* [Work instruction]
Collect each line of the entries that holds the string "open".

(Saved entries)
BEGIN

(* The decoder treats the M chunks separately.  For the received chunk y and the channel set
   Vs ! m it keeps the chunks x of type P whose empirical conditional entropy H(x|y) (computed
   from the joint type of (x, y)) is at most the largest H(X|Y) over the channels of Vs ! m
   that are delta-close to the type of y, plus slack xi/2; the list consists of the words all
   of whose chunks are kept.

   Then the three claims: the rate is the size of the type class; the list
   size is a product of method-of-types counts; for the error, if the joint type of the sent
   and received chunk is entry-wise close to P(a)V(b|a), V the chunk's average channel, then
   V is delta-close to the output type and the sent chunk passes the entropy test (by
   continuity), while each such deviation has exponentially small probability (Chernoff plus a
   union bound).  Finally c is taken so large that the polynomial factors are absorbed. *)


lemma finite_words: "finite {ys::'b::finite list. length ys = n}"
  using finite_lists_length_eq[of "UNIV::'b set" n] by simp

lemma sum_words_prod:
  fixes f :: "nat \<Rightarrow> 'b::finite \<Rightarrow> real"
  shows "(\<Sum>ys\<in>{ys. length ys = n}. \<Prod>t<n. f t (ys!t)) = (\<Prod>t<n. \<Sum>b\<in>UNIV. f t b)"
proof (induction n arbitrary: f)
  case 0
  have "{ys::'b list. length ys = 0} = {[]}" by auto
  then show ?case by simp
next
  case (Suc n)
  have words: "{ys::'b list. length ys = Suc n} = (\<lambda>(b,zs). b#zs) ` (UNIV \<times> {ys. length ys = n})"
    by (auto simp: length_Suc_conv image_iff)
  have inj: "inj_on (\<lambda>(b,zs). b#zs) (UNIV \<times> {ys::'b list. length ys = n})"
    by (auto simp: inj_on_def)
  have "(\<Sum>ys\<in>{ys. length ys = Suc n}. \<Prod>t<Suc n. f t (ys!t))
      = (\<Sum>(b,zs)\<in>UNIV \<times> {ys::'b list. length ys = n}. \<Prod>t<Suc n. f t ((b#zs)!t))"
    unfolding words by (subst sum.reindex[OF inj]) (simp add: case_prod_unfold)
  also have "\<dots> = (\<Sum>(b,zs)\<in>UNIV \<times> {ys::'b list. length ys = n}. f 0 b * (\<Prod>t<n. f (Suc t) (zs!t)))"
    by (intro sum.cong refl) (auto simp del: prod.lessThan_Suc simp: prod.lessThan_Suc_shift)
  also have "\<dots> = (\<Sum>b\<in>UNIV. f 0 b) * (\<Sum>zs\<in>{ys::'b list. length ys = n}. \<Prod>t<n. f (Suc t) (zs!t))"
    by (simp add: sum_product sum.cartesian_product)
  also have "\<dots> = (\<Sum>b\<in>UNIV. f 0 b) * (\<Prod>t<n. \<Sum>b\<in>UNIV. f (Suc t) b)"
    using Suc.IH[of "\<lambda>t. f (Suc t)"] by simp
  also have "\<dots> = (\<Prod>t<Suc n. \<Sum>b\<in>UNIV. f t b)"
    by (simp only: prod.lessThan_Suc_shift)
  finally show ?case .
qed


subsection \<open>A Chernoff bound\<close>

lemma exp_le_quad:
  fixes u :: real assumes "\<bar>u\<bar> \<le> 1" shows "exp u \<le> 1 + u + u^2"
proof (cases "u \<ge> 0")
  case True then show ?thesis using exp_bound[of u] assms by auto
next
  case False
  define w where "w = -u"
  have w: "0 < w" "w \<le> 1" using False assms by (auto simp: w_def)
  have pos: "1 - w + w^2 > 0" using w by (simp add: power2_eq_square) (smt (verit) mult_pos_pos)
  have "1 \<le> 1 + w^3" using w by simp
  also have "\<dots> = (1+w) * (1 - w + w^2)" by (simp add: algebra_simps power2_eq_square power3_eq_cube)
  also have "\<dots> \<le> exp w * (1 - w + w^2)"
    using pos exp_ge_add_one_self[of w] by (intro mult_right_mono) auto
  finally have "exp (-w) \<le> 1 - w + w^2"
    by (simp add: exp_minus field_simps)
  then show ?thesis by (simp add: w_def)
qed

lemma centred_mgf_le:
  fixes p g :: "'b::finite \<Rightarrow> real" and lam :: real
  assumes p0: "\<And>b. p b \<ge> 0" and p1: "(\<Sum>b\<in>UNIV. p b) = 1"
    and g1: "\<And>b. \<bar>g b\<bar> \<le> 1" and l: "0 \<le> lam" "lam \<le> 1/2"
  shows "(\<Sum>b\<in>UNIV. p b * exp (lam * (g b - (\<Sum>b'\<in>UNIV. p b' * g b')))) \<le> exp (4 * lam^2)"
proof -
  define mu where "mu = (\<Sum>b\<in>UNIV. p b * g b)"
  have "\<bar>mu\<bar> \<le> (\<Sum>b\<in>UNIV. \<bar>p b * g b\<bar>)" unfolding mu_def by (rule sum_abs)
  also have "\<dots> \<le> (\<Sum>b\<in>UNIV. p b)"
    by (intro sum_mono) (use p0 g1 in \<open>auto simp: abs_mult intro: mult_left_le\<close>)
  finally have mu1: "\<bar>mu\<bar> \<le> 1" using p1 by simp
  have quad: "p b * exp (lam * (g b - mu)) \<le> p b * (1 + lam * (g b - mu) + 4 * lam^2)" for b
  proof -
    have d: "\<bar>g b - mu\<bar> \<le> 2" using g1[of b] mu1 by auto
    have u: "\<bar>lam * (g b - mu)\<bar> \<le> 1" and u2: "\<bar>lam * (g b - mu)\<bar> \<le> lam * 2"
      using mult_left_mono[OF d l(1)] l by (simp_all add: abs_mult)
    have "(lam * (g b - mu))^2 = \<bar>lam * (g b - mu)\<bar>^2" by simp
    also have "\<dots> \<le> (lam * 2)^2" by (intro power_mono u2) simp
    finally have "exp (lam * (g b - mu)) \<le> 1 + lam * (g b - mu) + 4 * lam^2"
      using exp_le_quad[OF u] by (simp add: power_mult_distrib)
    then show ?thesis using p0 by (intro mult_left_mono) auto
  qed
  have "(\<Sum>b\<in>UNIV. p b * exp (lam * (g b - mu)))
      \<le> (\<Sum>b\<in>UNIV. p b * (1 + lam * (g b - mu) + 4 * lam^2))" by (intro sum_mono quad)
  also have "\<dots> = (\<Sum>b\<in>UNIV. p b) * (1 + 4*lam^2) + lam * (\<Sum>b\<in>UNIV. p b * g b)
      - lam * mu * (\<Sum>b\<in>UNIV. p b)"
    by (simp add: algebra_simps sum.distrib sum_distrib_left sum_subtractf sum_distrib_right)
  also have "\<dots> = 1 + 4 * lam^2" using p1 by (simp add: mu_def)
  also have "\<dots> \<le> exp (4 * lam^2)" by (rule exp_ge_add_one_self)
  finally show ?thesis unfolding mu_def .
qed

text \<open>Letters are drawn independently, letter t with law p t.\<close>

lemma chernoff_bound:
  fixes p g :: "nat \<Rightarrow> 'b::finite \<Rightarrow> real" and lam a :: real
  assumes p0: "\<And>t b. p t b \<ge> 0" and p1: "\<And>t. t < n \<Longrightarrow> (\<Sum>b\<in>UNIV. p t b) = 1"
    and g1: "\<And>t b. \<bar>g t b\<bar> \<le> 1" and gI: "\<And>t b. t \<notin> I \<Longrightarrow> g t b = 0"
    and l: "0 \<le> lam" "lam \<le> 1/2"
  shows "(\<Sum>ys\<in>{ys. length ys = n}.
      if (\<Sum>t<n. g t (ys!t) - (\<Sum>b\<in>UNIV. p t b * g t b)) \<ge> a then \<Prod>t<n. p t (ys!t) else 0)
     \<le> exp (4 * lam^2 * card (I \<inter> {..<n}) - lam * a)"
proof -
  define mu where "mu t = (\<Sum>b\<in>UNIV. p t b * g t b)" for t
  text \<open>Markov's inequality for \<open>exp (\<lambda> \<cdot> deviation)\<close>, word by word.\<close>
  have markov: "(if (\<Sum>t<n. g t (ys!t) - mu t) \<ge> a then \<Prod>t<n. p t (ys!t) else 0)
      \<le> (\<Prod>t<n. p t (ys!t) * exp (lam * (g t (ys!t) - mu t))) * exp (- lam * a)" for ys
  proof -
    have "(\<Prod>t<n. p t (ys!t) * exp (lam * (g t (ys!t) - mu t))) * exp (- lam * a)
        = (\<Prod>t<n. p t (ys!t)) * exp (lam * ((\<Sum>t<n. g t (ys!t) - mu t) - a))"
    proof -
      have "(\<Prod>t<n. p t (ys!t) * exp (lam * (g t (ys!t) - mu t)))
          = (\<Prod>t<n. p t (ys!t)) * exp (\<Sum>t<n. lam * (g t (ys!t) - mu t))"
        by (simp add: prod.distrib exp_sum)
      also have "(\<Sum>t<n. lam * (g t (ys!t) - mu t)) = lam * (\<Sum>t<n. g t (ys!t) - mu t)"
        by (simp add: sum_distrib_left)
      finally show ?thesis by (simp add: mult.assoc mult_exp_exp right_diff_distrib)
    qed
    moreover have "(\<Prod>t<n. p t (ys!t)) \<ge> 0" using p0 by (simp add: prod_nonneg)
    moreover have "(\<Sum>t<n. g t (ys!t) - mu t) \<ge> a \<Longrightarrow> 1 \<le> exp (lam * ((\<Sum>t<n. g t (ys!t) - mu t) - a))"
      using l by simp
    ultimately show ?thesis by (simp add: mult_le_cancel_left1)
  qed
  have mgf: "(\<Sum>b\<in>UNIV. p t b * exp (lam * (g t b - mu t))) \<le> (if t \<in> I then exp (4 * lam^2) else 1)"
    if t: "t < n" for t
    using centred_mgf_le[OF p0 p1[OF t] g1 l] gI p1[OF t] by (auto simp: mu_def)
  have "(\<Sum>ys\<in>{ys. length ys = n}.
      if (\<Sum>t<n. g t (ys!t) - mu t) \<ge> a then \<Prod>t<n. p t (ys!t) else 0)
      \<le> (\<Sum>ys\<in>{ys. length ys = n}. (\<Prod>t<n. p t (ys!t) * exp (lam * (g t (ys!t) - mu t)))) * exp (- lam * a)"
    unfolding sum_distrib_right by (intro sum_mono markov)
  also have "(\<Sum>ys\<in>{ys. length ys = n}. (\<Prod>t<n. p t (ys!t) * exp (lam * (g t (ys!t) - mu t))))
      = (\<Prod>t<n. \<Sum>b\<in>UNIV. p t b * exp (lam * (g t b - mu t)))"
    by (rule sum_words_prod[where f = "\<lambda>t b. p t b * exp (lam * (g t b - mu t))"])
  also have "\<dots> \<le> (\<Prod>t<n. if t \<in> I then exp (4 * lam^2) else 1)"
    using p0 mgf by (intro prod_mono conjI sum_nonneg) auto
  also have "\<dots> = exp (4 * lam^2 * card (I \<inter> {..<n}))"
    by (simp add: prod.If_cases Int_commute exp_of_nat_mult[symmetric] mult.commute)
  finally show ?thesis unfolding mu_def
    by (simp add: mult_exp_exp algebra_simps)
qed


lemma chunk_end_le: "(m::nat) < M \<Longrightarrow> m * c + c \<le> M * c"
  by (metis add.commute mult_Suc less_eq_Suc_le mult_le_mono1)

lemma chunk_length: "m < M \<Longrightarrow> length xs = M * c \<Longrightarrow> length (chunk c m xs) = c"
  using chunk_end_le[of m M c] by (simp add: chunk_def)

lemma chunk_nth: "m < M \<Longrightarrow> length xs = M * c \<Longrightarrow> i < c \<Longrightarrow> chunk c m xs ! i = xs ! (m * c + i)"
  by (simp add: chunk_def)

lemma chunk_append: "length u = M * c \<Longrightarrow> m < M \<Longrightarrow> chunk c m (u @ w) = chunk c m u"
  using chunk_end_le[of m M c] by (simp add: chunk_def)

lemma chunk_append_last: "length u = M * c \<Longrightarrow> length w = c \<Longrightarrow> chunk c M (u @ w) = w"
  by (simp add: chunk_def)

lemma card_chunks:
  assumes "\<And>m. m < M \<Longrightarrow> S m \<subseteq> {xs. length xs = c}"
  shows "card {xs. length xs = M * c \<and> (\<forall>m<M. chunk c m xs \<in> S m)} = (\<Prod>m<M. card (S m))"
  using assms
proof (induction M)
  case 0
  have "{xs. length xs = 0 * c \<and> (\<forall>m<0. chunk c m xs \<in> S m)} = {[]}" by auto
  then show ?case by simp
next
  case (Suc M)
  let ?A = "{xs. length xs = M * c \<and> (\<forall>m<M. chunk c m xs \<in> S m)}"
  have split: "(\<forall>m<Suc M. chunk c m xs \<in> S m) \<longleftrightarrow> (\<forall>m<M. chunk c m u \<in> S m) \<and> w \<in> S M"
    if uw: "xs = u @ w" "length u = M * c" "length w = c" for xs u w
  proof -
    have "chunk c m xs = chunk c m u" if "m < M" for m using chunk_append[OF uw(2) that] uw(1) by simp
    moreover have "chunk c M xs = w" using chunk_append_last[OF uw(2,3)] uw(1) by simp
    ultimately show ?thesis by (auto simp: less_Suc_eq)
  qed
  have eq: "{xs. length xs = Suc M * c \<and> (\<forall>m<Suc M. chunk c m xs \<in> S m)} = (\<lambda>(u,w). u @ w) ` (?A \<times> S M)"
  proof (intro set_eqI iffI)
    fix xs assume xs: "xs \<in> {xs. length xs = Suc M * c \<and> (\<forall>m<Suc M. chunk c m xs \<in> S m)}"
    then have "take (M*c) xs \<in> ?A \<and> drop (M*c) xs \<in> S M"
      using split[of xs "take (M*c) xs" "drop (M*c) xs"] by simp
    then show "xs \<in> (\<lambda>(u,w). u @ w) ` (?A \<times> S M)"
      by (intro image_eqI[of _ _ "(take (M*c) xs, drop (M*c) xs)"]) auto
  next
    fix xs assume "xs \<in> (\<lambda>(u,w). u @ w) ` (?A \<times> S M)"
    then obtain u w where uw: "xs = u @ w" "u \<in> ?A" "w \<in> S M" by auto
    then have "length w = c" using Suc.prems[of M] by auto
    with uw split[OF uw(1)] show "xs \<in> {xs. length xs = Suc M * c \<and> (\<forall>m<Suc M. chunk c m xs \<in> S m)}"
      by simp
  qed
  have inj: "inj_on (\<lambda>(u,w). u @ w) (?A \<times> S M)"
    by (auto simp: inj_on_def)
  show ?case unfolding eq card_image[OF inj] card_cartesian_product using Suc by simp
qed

END

* [Result of this exercise]
subsection \<open>A Chernoff bound\<close>
    by (intro sum_mono) (use p0 g1 in \<open>auto simp: abs_mult intro: mult_left_le\<close>)
text \<open>Letters are drawn independently, letter t with law p t.\<close>
  text \<open>Markov's inequality for \<open>exp (\<lambda> \<cdot> deviation)\<close>, word by word.\<close>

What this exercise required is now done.